Known to wreak havoc on the aquatic food chain, the flea was discovered by Josh Appel ’22 during routine work in Natural Resources 2100, a field biology class.
Groups of students from the class, taught by senior lecturer Paul Rodewald and research associate Marc Goebel, had collected water samples from Oneida Lake and brought them back to the field station’s lab for analysis, according to Appel.
Soon after, Appel began helping research support specialist Kristen Holeck to prepare the samples.
“While looking in the petri dish, I saw what looked like a tiny clear shrimp and I had no clue what it was,” Appel said. “[Kristen] told me that it was an invasive spiny water flea. Soon after, we found more swimming around in our samples.”
Lars Rudstam, professor of natural resources and director of the Cornell Biological Field Station, said that the spiny water flea (Bythotrephes longimanus) could affect the lake’s ecosystem, which Cornell researchers will continue to monitor. Rudstam reported the discovery to the New York State Department of Environmental Conservation.
In follow-up sampling, Cornell biologists on Oneida Lake detected the spiny water flea at densities of 20 to 140 per cubic meter, a density comparable to samples found in Lake Erie and Lake Ontario.
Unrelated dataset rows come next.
(* Canonical model. Given an unprovable formula, take a prime theory G0 omitting it. The worlds
   are the prime theories that agree with G0 on all formulas forall c, ordered by inclusion, and
   f D = {psi. circ psi in D}. N1-N4 make f D prime and UA6 keeps it a world; f is monotone, hence
   continuous for the up-set topology. As all worlds agree on the formulas forall c, UA1-UA5 make
   forall the universal modality on them, which gives the truth lemma. Under N5 every prime theory
   above f x is f D for some world D above x, which is openness of f. *)

(* Necessitation enters only through theorems (rule ax), which keeps the deduction theorem valid. *)
inductive deriv_from :: "bool \<Rightarrow> form set \<Rightarrow> form \<Rightarrow> bool" for fs :: bool and G :: "form set" where
  hyp: "\<phi> \<in> G \<Longrightarrow> deriv_from fs G \<phi>"
| ax: "deriv fs \<phi> \<Longrightarrow> deriv_from fs G \<phi>"
| mp: "deriv_from fs G (Imp \<phi> \<psi>) \<Longrightarrow> deriv_from fs G \<phi> \<Longrightarrow> deriv_from fs G \<psi>"

lemma deriv_from_mono: "deriv_from fs G \<phi> \<Longrightarrow> G \<subseteq> H \<Longrightarrow> deriv_from fs H \<phi>"
  by (induction rule: deriv_from.induct) (auto intro: deriv_from.intros)

lemma deriv_from_empty: "deriv_from fs {} \<phi> \<Longrightarrow> deriv fs \<phi>"
  by (induction rule: deriv_from.induct) (auto intro: deriv.intros)
lemma convex_fun_linear_growth_near:
  fixes f :: "'a::real_normed_vector \<Rightarrow> ereal"
  assumes cf: "convex_fun f" and nm: "\<And>x. f x \<noteq> -\<infinity>" and R: "0 < R"
    and c: "f c \<le> ereal \<alpha>" "norm (c - x0) < 1"
    and inner: "\<And>z. norm (z - x0) \<le> R + 1 \<Longrightarrow> ereal m \<le> f z"
    and outer: "\<And>z. norm (z - x0) \<le> R + 1 \<Longrightarrow> R - norm x0 - 1 \<le> norm z \<Longrightarrow> ereal (\<alpha> + 1) \<le> f z"
  shows "ereal (norm y / R - ((norm x0 + 1) / R - min m \<alpha> + 1)) \<le> f y"
proof -
  have near: "norm (z - x0) \<le> R + 1" if "norm (z - c) \<le> R" for z
    using that c(2) norm_triangle_ineq[of "z - c" "c - x0"] by simp
  have "ereal (norm (y - c) / R + min m \<alpha> - 1) \<le> f y"
  proof (rule convex_fun_linear_growth[OF cf nm c(1) R])
    fix z assume z: "norm (z - c) = R"
    then have "R - norm x0 - 1 \<le> norm z"
      using c(2) norm_triangle_ineq4[of z c] norm_triangle_ineq[of "c - x0" x0] by simp
    with z near[of z] show "ereal (\<alpha> + 1) \<le> f z" by (intro outer) auto
  next
    fix z assume "norm (z - c) \<le> R"
    with near[of z] show "ereal m \<le> f z" by (intro inner) auto
  qed
  moreover have "norm y / R - ((norm x0 + 1) / R - min m \<alpha> + 1) \<le> norm (y - c) / R + min m \<alpha> - 1"
  proof -
    have "norm y - norm x0 - 1 \<le> norm (y - c)"
      using norm_triangle_ineq2[of y c] norm_triangle_ineq[of "c - x0" x0] c(2) by simp
    then have "(norm y - (norm x0 + 1)) / R \<le> norm (y - c) / R" using R by (simp add: divide_right_mono)
    then show ?thesis by (simp add: diff_divide_distrib)
  qed
  ultimately show ?thesis by (metis ereal_less_eq(3) order_trans)
qed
Feeding on smaller zooplankton in lakes, the spiny water flea is about a half-inch long, and its tailspine deters predators. Lake fish consume this animal; in mid-September, Cornell biologists caught young yellow perch (2.5 inches long), young white perch and emerald shiners and noted that the fish all had consumed the spiny water fleas.
This zooplankton was first found in Lake Ontario in 1982 and spread to all the Great Lakes and many surrounding smaller lakes in Canada, Michigan, Minnesota and Wisconsin within a decade, Rudstam said.
The spiny water flea was found in the Great Sacandaga Lake (northern Fulton and Saratoga counties, in the Adirondacks) in 2008, Lake George in 2012 and Lake Champlain in 2014.
This species is known as a food web disruptor in the Great Lakes system because of its ability to decrease the abundance of other zooplankton, an important food source for fish, Rudstam said. A dietary shift in young fish could cause a decline in their growth rates.
Because invasive species can travel on boats and fishing gear, “Be vigilant when moving equipment and boats across systems,” Rudstam said. “Boaters should be sure to drain all water holding compartments before leaving a water body. The likelihood that the species will continue to spread to the New York’s Finger Lakes is now high.”